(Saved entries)
lemma exp_expect_log_prod_le:
  assumes M: "prob_space M" and c: "0 \<le> c" and r: "0 \<le> r" "r \<le> 1"
    and g: "\<And>k. k < n \<Longrightarrow> g k \<in> borel_measurable M"
    and g_bounds: "\<And>k \<omega>. k < n \<Longrightarrow> \<omega> \<in> space M \<Longrightarrow> 0 \<le> g k \<omega> \<and> g k \<omega> \<le> 1"
    and g_log: "\<And>k. k < n \<Longrightarrow> log_neg r \<le> (\<integral>\<^sup>+\<omega>. log_neg (g k \<omega>) \<partial>M)"
  shows "exp_expect_log M (\<lambda>\<omega>. c * (\<Prod>k<n. g k \<omega>)) \<le> ereal (r ^ n * c)"
proof (cases "c = 0")
  case True
  then show ?thesis using exp_expect_log_zero[OF M] by (simp add: zero_ereal_def)
next
  case False
  then have "0 < c" using c by simp
  have prod_bounds: "0 \<le> (\<Prod>k<n. g k \<omega>) \<and> (\<Prod>k<n. g k \<omega>) \<le> 1" if "\<omega> \<in> space M" for \<omega>
    using g_bounds[OF _ that] by (auto intro: prod_nonneg prod_le_1)
  have "of_nat n * log_neg r = (\<Sum>k<n. log_neg r)" by simp
  also have "\<dots> \<le> (\<Sum>k<n. \<integral>\<^sup>+\<omega>. log_neg (g k \<omega>) \<partial>M)" by (intro sum_mono g_log) simp
  also have "\<dots> = (\<integral>\<^sup>+\<omega>. (\<Sum>k<n. log_neg (g k \<omega>)) \<partial>M)"
    using g by (intro nn_integral_sum[symmetric]) auto
  also have "\<dots> = (\<integral>\<^sup>+\<omega>. log_neg (c * (\<Prod>k<n. g k \<omega>) / c) \<partial>M)"
  proof (intro nn_integral_cong)
    fix \<omega> assume "\<omega> \<in> space M"
    then have "log_neg (\<Prod>k<n. g k \<omega>) = (\<Sum>k<n. log_neg (g k \<omega>))"
      using g_bounds by (intro log_neg_prod) auto
    then show "(\<Sum>k<n. log_neg (g k \<omega>)) = log_neg (c * (\<Prod>k<n. g k \<omega>) / c)"
      using \<open>0 < c\<close> by simp
  qed
  finally have A: "of_nat n * log_neg r \<le> (\<integral>\<^sup>+\<omega>. log_neg (c * (\<Prod>k<n. g k \<omega>) / c) \<partial>M)" .
  have "exp_expect_log M (\<lambda>\<omega>. c * (\<Prod>k<n. g k \<omega>))
      = ereal c * eexp (- enn2ereal (\<integral>\<^sup>+\<omega>. log_neg (c * (\<Prod>k<n. g k \<omega>) / c) \<partial>M))"
    using prod_bounds g \<open>0 < c\<close>
    by (intro exp_expect_log_scale M) (auto intro!: mult_nonneg_nonneg mult_left_le borel_measurable_prod)
  also have "\<dots> \<le> ereal c * ereal (r ^ n)"
    using eexp_le_power_of_log_neg[OF r A] c by (intro ereal_mult_left_mono) auto
  finally show ?thesis by (simp add: mult.commute)
qed

lemma proj_in_orthogonal:
  fixes V :: "'a::euclidean_space set"
  assumes "subspace V"
  shows "proj V u \<in> V \<and> (\<forall>v\<in>V. inner (u - proj V u) v = 0)"
proof -
  obtain y z where y: "y \<in> span V" and z: "\<And>w. w \<in> span V \<Longrightarrow> orthogonal z w" and u: "u = y + z"
    using orthogonal_subspace_decomp_exists[of V u] by blast
  have V: "span V = V" using assms by (simp add: span_eq_iff)
  have y_good: "y \<in> V \<and> (\<forall>v\<in>V. inner (u - y) v = 0)"
    using y z u V by (auto simp: orthogonal_def)
  have "w = y" if "w \<in> V \<and> (\<forall>v\<in>V. inner (u - w) v = 0)" for w
  proof -
    have "y - w \<in> V" using that y_good assms by (simp add: subspace_diff)
    then have "inner (y - w) (y - w) = 0"
      using that y_good by (simp add: inner_diff_left)
    then show ?thesis by simp
  qed
  then have "proj V u = y" unfolding proj_def using y_good by (rule the_equality[rotated])
  with y_good show ?thesis by simp
qed

lemma proj_unique:
  fixes V :: "'a::euclidean_space set"
  assumes V: "subspace V" and "w \<in> V" "\<forall>v\<in>V. inner (u - w) v = 0"
  shows "proj V u = w"
proof -
  have P: "proj V u \<in> V \<and> (\<forall>v\<in>V. inner (u - proj V u) v = 0)" by (rule proj_in_orthogonal[OF V])
  then have "proj V u - w \<in> V" using assms by (simp add: subspace_diff)
  then have "inner (proj V u - w) (proj V u - w) = 0"
    using assms P by (simp add: inner_diff_left inner_diff_right algebra_simps)
  then show ?thesis by simp
qed

lemma linear_proj:
  fixes V :: "'a::euclidean_space set"
  assumes V: "subspace V"
  shows "linear (proj V)"
proof
  fix a b
  show "proj V (a + b) = proj V a + proj V b"
    using proj_in_orthogonal[OF V, of a] proj_in_orthogonal[OF V, of b] V
    by (intro proj_unique) (auto simp: subspace_add inner_diff_left inner_add_left algebra_simps)
next
  fix r a
  show "proj V (r *\<^sub>R a) = r *\<^sub>R proj V a"
    using proj_in_orthogonal[OF V, of a] V
    by (intro proj_unique) (auto simp: subspace_scale inner_diff_left algebra_simps)
qed

lemma norm_diff_proj_sq:
  fixes V :: "'a::euclidean_space set"
  assumes "subspace V"
  shows "(norm (u - proj V u))\<^sup>2 = (norm u)\<^sup>2 - (norm (proj V u))\<^sup>2"
proof -
  have "orthogonal (proj V u) (u - proj V u)"
    using proj_in_orthogonal[OF assms, of u] by (simp add: orthogonal_def inner_commute)
  from norm_add_Pythagorean[OF this] show ?thesis by simp
qed

lemma norm_proj_le:
  fixes V :: "'a::euclidean_space set"
  assumes "subspace V"
  shows "norm (proj V u) \<le> norm u"
  using norm_diff_proj_sq[OF assms, of u] zero_le_power2[of "norm (u - proj V u)"]
  by (simp add: power2_le_iff_abs_le[symmetric])

lemma space_subspace_measure[simp]: "space (subspace_measure C) = C"
  unfolding subspace_measure_def by (rule space_measure_of) auto

lemma measurable_proj_subspace[measurable]:
  "(\<lambda>V. proj V u) \<in> borel_measurable (subspace_measure C)"
proof (rule borel_measurableI)
  fix B :: "'a set"
  assume "open B"
  then have "{V \<in> C. proj V u \<in> B} \<in> sets (subspace_measure C)"
    unfolding subspace_measure_def by (subst sets_measure_of) (auto intro: sigma_sets.Basic)
  then show "(\<lambda>V. proj V u) -` B \<inter> space (subspace_measure C) \<in> sets (subspace_measure C)"
    by (simp add: Int_def conj_commute)
qed

text \<open>Joint measurability reduces to the fixed-vector case by linearity: \<open>proj V u\<close> is a
  combination of the \<open>proj V b\<close>, \<open>b \<in> Basis\<close>, with coefficients continuous in \<open>u\<close>.\<close>

lemma measurable_proj_pair:
  fixes C :: "'a::euclidean_space set set"
  assumes "\<forall>V\<in>C. subspace V"
  shows "(\<lambda>(V, u). proj V u) \<in> borel_measurable (subspace_measure C \<Otimes>\<^sub>M (borel :: 'a measure))"
proof (rule measurable_cong[THEN iffD1])
  show "(\<lambda>p. \<Sum>b\<in>Basis. inner (snd p) b *\<^sub>R proj (fst p) b)
          \<in> borel_measurable (subspace_measure C \<Otimes>\<^sub>M (borel :: 'a measure))"
    by measurable
  fix p :: "'a set \<times> 'a"
  assume "p \<in> space (subspace_measure C \<Otimes>\<^sub>M (borel :: 'a measure))"
  then have V: "subspace (fst p)" using assms by (auto simp: space_pair_measure)
  have "proj (fst p) (snd p) = proj (fst p) (\<Sum>b\<in>Basis. inner (snd p) b *\<^sub>R b)"
    by (simp add: euclidean_representation)
  also have "\<dots> = (\<Sum>b\<in>Basis. inner (snd p) b *\<^sub>R proj (fst p) b)"
    using linear_proj[OF V] by (simp add: linear_sum linear_scale)
  finally show "(\<Sum>b\<in>Basis. inner (snd p) b *\<^sub>R proj (fst p) b) = (case p of (V, u) \<Rightarrow> proj V u)"
    by (simp add: case_prod_beta)
qed

lemma measurable_proj:
  fixes C :: "'a::euclidean_space set set"
  assumes "\<forall>V\<in>C. subspace V" and "F \<in> M \<rightarrow>\<^sub>M subspace_measure C" and "G \<in> borel_measurable M"
  shows "(\<lambda>\<omega>. proj (F \<omega>) (G \<omega>)) \<in> borel_measurable M"
  using measurable_compose[OF measurable_Pair[OF assms(2,3)] measurable_proj_pair[OF assms(1)]] by simp

lemma measurable_kacz:
  fixes C :: "'a::euclidean_space set set"
  assumes sub: "\<forall>V\<in>C. subspace V"
    and Ws: "\<And>k. k \<in> {1..n} \<Longrightarrow> (\<lambda>\<omega>. Ws \<omega> k) \<in> M \<rightarrow>\<^sub>M subspace_measure C"
  shows "(\<lambda>\<omega>. kacz (Ws \<omega>) x x0 n) \<in> borel_measurable M"
  using Ws
proof (induction n)
  case (Suc n)
  have "(\<lambda>\<omega>. Ws \<omega> (Suc n)) \<in> M \<rightarrow>\<^sub>M subspace_measure C" using Suc.prems by simp
  with Suc show ?case by (auto intro!: borel_measurable_add borel_measurable_diff measurable_proj[OF sub])
qed simp

lemma kacz_cong: "(\<And>k. k \<in> {1..n} \<Longrightarrow> Ws k = Vs k) \<Longrightarrow> kacz Ws x x0 n = kacz Vs x x0 n"
  by (induction n) auto

definition contraction_factor :: "'a::real_inner set \<Rightarrow> 'a \<Rightarrow> real" where
  "contraction_factor V u = 1 - (norm (proj V u))\<^sup>2"
lemma copy_loop:
  assumes "idx + r = n * m" "19 \<le> idx" "3 + n * m \<le> X" "const_regs mem"
    and "\<forall>i<idx. mem (X + i) = init_mem n m A k (3 + i)"
    and "\<forall>a. 22 \<le> a \<longrightarrow> (a < X \<or> X + idx \<le> a) \<longrightarrow> mem a = init_mem n m A k a"
    and "mem 14 = int r" "mem 15 = int (3 + idx)" "mem 16 = int (X + idx)"
  shows "reaches ejr_program (62, mem) (\<lambda>t c. t \<le> 7 * r + 1 \<and> fst c = 69 \<and> const_regs (snd c) \<and>
    (\<forall>i<n * m. snd c (X + i) = init_mem n m A k (3 + i)) \<and>
    (\<forall>a. 22 \<le> a \<longrightarrow> (a < X \<or> X + n * m \<le> a) \<longrightarrow> snd c a = init_mem n m A k a))"
  using assms
proof (induction r arbitrary: idx mem)
  case 0
  show ?case
    apply (rule reachesI[where t = 1])
    using 0 by (simp add: run_ejr_program)
next
  case (Suc r)
  note prems = Suc.prems
  have "mem 3 = 1" using prems(4) unfolding const_regs_def by simp
  moreover have "mem (3 + idx) = init_mem n m A k (3 + idx)" using prems(1-3,6) by auto
  ultimately show ?case
    apply -
    apply (rule reaches_run[where t = 7])
    apply (simp add: run_ejr_program prems(7-9) table_above_regs del: of_nat_add of_nat_mult)
    apply (rule reaches_mono[OF Suc.IH[where idx = "Suc idx"]])
    using prems table_above_regs unfolding const_regs_def by (simp_all add: less_Suc_eq)
qed

lemma fill_loop:
  assumes "j + r = m" "finite W" "const_regs mem" "work_arrays s (fill_up k W j) mem"
    and "mem 11 = int r" "mem 12 = int (F + j)" "mem 21 = int (card (fill_up k W j))"
  shows "reaches ejr_program (125, mem) (\<lambda>t c. t \<le> 10 * r + 4 \<and> fst c = 137 \<and>
    const_regs (snd c) \<and> work_arrays s (fill_up k W m) (snd c))"
  using assms
proof (induction r arbitrary: j mem)
  case 0
  show ?case
    apply (rule reachesI[where t = 1])
    using 0 by (simp add: run_ejr_program)
next
  case (Suc r)
  note prems = Suc.prems
  define V where "V = fill_up k W j"
  have j: "j < m" using prems(1) by simp
  have "finite V"
    using fill_up_subset[of W k j] prems(2) unfolding V_def by (meson finite_Un finite_lessThan finite_subset)
  have regs: "mem 3 = 1" "mem 4 = int k"
    using prems(3) unfolding const_regs_def by simp_all
  have arrays: "work_arrays s V mem" and size: "mem 21 = int (card V)"
    using prems(4,7) unfolding V_def by simp_all
  have flag: "mem (F + j) = (if j \<in> V then 1 else 0)" using work_arrays_flag[OF arrays j] .
  note IH = Suc.IH[where j = "Suc j"]
  consider "k \<le> card V" | "card V < k" "j \<in> V" | "card V < k" "j \<notin> V" by linarith
  then show ?case
  proof cases
    case 1
    then have "fill_up k W m = V"
      using fill_up_stable[of k W j "Suc r"] prems(1) unfolding V_def by (simp del: fill_up.simps)
    then show ?thesis
      apply -
      apply (rule reachesI[where t = 4])
      using prems arrays_above_regs arrays 1 unfolding const_regs_def work_arrays_def
      by (simp add: run_ejr_program regs flag size del: of_nat_add of_nat_mult)
  next
    case 2
    then have "fill_up k W (Suc j) = V" by (simp add: V_def fill_step_def)
    then show ?thesis
      apply -
      apply (rule reaches_run[where t = 9])
      apply (simp add: run_ejr_program prems(5,6) regs flag size arrays_above_regs 2 del: of_nat_add of_nat_mult)
      apply (rule reaches_mono[OF IH])
      using prems arrays arrays_above_regs unfolding const_regs_def work_arrays_def V_def by auto
  next
    case 3
    then have "fill_up k W (Suc j) = insert j V" by (simp add: V_def fill_step_def)
    moreover have "card (insert j V) = card V + 1" using \<open>finite V\<close> 3 by simp
    ultimately show ?thesis
      apply -
      apply (rule reaches_run[where t = 10])
      apply (simp add: run_ejr_program prems(5,6) regs flag size arrays_above_regs 3 del: of_nat_add of_nat_mult)
      apply (rule reaches_mono[OF IH])
      using prems arrays arrays_above_regs j sat_below_flags sat_above_table
      unfolding const_regs_def work_arrays_def V_def by auto
  qed
qed

lemma fill_and_output:
  assumes "finite W" "const_regs mem" "work_arrays s W mem" "mem 21 = int (card W)"
    and "1 \<le> n * m" "3 + n * m + m \<le> X"
  shows "reaches ejr_program (122, mem) (\<lambda>t c. t \<le> 18 * m + 20 \<and> fst c = 152 \<and>
    (\<forall>j<m. snd c (3 + n * m + j) = (if j \<in> fill_up k W m then 1 else 0)))"
proof -
  have regs: "mem 3 = 1" "mem 6 = int m" "mem 9 = int F"
    using assms(2) unfolding const_regs_def by simp_all
  have "X \<le> F" using sat_above_table flags_above_sat by simp
  show ?thesis
    apply (rule reaches_run[where t = 3])
    apply (simp add: run_ejr_program regs del: of_nat_add of_nat_mult)
    apply (rule reaches_seq[OF fill_loop[where j = 0 and r = m and W = W and s = s]])
    using assms apply simp_all
    apply (rule reaches_run[where t = 7])
    apply (simp add: run_ejr_program del: of_nat_add of_nat_mult)
    apply (rule reaches_mono[OF output_loop[where j = 0 and r = m and N = "n * m" and F = F and
          f = "\<lambda>j. if j \<in> fill_up k W m then 1 else 0"]])
    using assms \<open>X \<le> F\<close> arrays_above_regs unfolding const_regs_def work_arrays_def
    by (auto simp: algebra_simps)
qed

end


text \<open>The input table overlaps the registers, so the program first saves cells 3--21. Meanwhile
  \<open>n, m, k\<close> are kept in the two cells \<open>n + m\<close> and \<open>k (n + m) + n\<close>, from which they are
  recovered by one division, and the working area starts at the following base address, which
  lies above input and output.\<close>
definition table_base :: "nat \<Rightarrow> nat \<Rightarrow> nat \<Rightarrow> nat" where
  "table_base n m k = 32 * ((k * (n + m) + n) * (n + m))"

lemma init_mem_params [simp]:
  "init_mem n m A k 0 = int n" "init_mem n m A k (Suc 0) = int m" "init_mem n m A k 2 = int k"
  unfolding init_mem_def by auto

lemma nat_int_plus [simp]:
  "nat (int x + 1) = x + 1" "nat (1 + int x) = x + 1"
  "nat (int x + numeral c) = x + numeral c" "nat (numeral c + int x) = x + numeral c"
  by (simp_all add: nat_add_distrib)

lemma encode_params:
  "reaches ejr_program (0, init_mem n m A k) (\<lambda>t c. t \<le> 9 \<and> fst c = 9 \<and>
     snd c 0 = int (table_base n m k) \<and> snd c 1 = int (n + m) \<and> snd c 2 = int (k * (n + m) + n) \<and>
     (\<forall>a. 3 \<le> a \<longrightarrow> snd c a = init_mem n m A k a))"
  apply (rule reachesI[where t = 9])
  apply (simp add: run_ejr_program numeral_2_eq_2[symmetric])
  apply (simp add: table_base_def algebra_simps)
  done

lemma all_less_numeral: "(\<forall>i < numeral w. P i) \<longleftrightarrow> P (pred_numeral w) \<and> (\<forall>i < pred_numeral w. P i)"
  by (simp add: numeral_eq_Suc All_less_Suc)

lemma save_low_table:
  assumes "mem 0 = int X" "mem 1 = int (n + m)" "mem 2 = int (k * (n + m) + n)" "22 \<le> X"
    and "\<forall>a. 3 \<le> a \<longrightarrow> mem a = init_mem n m A k a"
  shows "reaches ejr_program (9, mem) (\<lambda>t c. t \<le> 38 \<and> fst c = 47 \<and>
     snd c 0 = int (X + 18) \<and> snd c 1 = int (n + m) \<and> snd c 2 = int (k * (n + m) + n) \<and> snd c 3 = 1 \<and>
     (\<forall>i<19. snd c (X + i) = init_mem n m A k (3 + i)) \<and>
     (\<forall>a. 22 \<le> a \<longrightarrow> (a < X \<or> X + 19 \<le> a) \<longrightarrow> snd c a = init_mem n m A k a))"
  apply (rule reaches_run[where t = 38])
  apply (simp add: run_ejr_program assms(1-4))
  apply (rule reaches_here)
  using assms by (auto simp: all_less_numeral)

Work to be completed
Look through the data above and return each line where the string "else" occurs.

Solution to this problem
  have flag: "mem (F + j) = (if j \<in> V then 1 else 0)" using work_arrays_flag[OF arrays j] .
    (\<forall>j<m. snd c (3 + n * m + j) = (if j \<in> fill_up k W m then 1 else 0)))"
          f = "\<lambda>j. if j \<in> fill_up k W m then 1 else 0"]])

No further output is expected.